Indeed, when I first met Rebbetzin Schneider well over a decade ago, it was a story about her mother that first captured me. The week prior to her chasunah, a young woman who worked as a cleaner for the family and who had been expelled from her seminary for baalos teshuvah moved into the family’s apartment. Part of the living room was blocked off, a sign was hung up saying “Mazal’s room,” and the family ate their Shabbos meals in the hallway.

But at the shivah, Mrs. Schneider set me straight. Yes, her mother was the activist, going to the airport to greet incoming planeloads of Jews arriving from the Soviet Union and taking care of all their arrangements. But that activism was fueled by her father, who had only a little corner for himself, under a small window, in their Meah Shearim apartment. It was he who provided the hashkafah that animated her mother’s work and that of Rebbetzin Schneider herself, over the 17 years that he lived with her family in Jerusalem’s Ramot neighborhood.

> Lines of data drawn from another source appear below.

text \<open>
  Induction on n, splitting the permutations of {1..n+1} by the value b of n+1: the factors
  involving n+1 contribute \<Prod>_m\<noteq>b h m b, and the hypothesis on subsets is stable under relabelling.
\<close>

lemma sum_permutes_prod_increasing_pairs:
  fixes h :: "nat \<Rightarrow> nat \<Rightarrow> 'a::comm_semiring_1" and c :: "nat \<Rightarrow> 'a"
  assumes "\<And>S. S \<subseteq> {1..n} \<Longrightarrow> (\<Sum>k\<in>S. \<Prod>m\<in>S-{k}. h m k) = c (card S)"
  shows "(\<Sum>\<sigma> | \<sigma> permutes {1..n}. \<Prod>i=1..n. \<Prod>j=i+1..n. h (\<sigma> i) (\<sigma> j)) = (\<Prod>k=1..n. c k)"
  using assms
proof (induction n arbitrary: h)
  case 0
  then show ?case by simp
next
  case (Suc n)
  let ?F = "\<lambda>\<sigma>. \<Prod>i=1..Suc n. \<Prod>j=i+1..Suc n. h (\<sigma> i) (\<sigma> j)"
  have "{1..Suc n} = insert (Suc n) {1..n}" by auto
  then have "(\<Sum>\<sigma> | \<sigma> permutes {1..Suc n}. ?F \<sigma>)
      = (\<Sum>b\<in>{1..Suc n}. \<Sum>p | p permutes {1..n}. ?F (Transposition.transpose (Suc n) b \<circ> p))"
    by (simp add: sum_over_permutations_insert)
  also have "\<dots> = (\<Sum>b\<in>{1..Suc n}. (\<Prod>k=1..n. c k) * (\<Prod>m\<in>{1..Suc n}-{b}. h m b))"
  proof (rule sum.cong[OF refl])
    fix b assume b: "b \<in> {1..Suc n}"
    define \<tau> where "\<tau> = Transposition.transpose (Suc n) b"
    have \<tau>: "\<tau> permutes {1..Suc n}" unfolding \<tau>_def using b by (intro permutes_swap_id) auto
    have "(\<Sum>k\<in>S. \<Prod>m\<in>S-{k}. h (\<tau> m) (\<tau> k)) = c (card S)" if "S \<subseteq> {1..n}" for S
    proof -
      have "\<tau> ` S \<subseteq> {1..Suc n}" using that permutes_in_image[OF \<tau>] by auto
      then show ?thesis
        using Suc.prems[of "\<tau> ` S"] permutes_inj[OF \<tau>]
        by (simp add: sum_prod_remove_reindex card_image inj_on_subset)
    qed
    then have IH: "(\<Sum>p | p permutes {1..n}. \<Prod>i=1..n. \<Prod>j=i+1..n. h (\<tau> (p i)) (\<tau> (p j)))
        = (\<Prod>k=1..n. c k)"
      by (rule Suc.IH)
    have "?F (\<tau> \<circ> p) = (\<Prod>i=1..n. \<Prod>j=i+1..n. h (\<tau> (p i)) (\<tau> (p j))) * (\<Prod>m\<in>{1..Suc n}-{b}. h m b)"
      if p: "p permutes {1..n}" for p
    proof -
      have \<tau>p: "\<tau> \<circ> p permutes {1..Suc n}"
        using permutes_compose[OF permutes_subset[OF p] \<tau>] by auto
      have "(\<tau> \<circ> p) (Suc n) = b" using permutes_not_in[OF p] by (simp add: \<tau>_def)
      with prod_permutes_except_last[OF \<tau>p, of "\<lambda>m. h m b"] show ?thesis
        unfolding prod_increasing_pairs_Suc[of _ n] using permutes_not_in[OF p] by simp
    qed
    then have "(\<Sum>p | p permutes {1..n}. ?F (\<tau> \<circ> p))
        = (\<Sum>p | p permutes {1..n}. (\<Prod>i=1..n. \<Prod>j=i+1..n. h (\<tau> (p i)) (\<tau> (p j)))
            * (\<Prod>m\<in>{1..Suc n}-{b}. h m b))"
      by (intro sum.cong) auto
    also have "\<dots> = (\<Prod>k=1..n. c k) * (\<Prod>m\<in>{1..Suc n}-{b}. h m b)"
      by (simp only: sum_distrib_right[symmetric] IH)
    finally show "(\<Sum>p | p permutes {1..n}. ?F (Transposition.transpose (Suc n) b \<circ> p))
        = (\<Prod>k=1..n. c k) * (\<Prod>m\<in>{1..Suc n}-{b}. h m b)"
      unfolding \<tau>_def .
  qed
  also have "\<dots> = (\<Prod>k=1..n. c k) * c (Suc n)"
    using Suc.prems[of "{1..Suc n}"] by (simp add: sum_distrib_left[symmetric])
  also have "\<dots> = (\<Prod>k=1..Suc n. c k)" by (simp add: prod.cl_ivl_Suc)
  finally show ?case .
qed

One cardinal rule in the Baumol household, strictly enforced, was that a negative word about another Jew was not permitted. Tzili recalled that once, when she was about nine years old, she had asked her sister at the Shabbos table about her new class in school. Her father quickly intervened, “We don’t discuss school at the Shabbos table,” likely out of a fear that some complaint about a teacher or a classmate might issue.

Every time her father picked up a cup of coffee, he would always say in Yiddish, “Another brachah,” And that captured an entire hashkafah. The seven girls and two boys in the family grew used to their beds being usurped by guests. Their father’s response to any complaint was inevitably, “It’s a mitzvah.”

What struck me most about the shivah house was the smile of each of the mourners, as they recalled the home in which they grew up. One sister, who has worked for decades for Rabbi Yitzchak Dovid Grossman and his Migdal Ohr institutions, was beaming, not just smiling, as she recalled the memories of growing up in a home of chesed. And in that smile, the riddle of 500 descendants, all shomer mitzvos, was solved.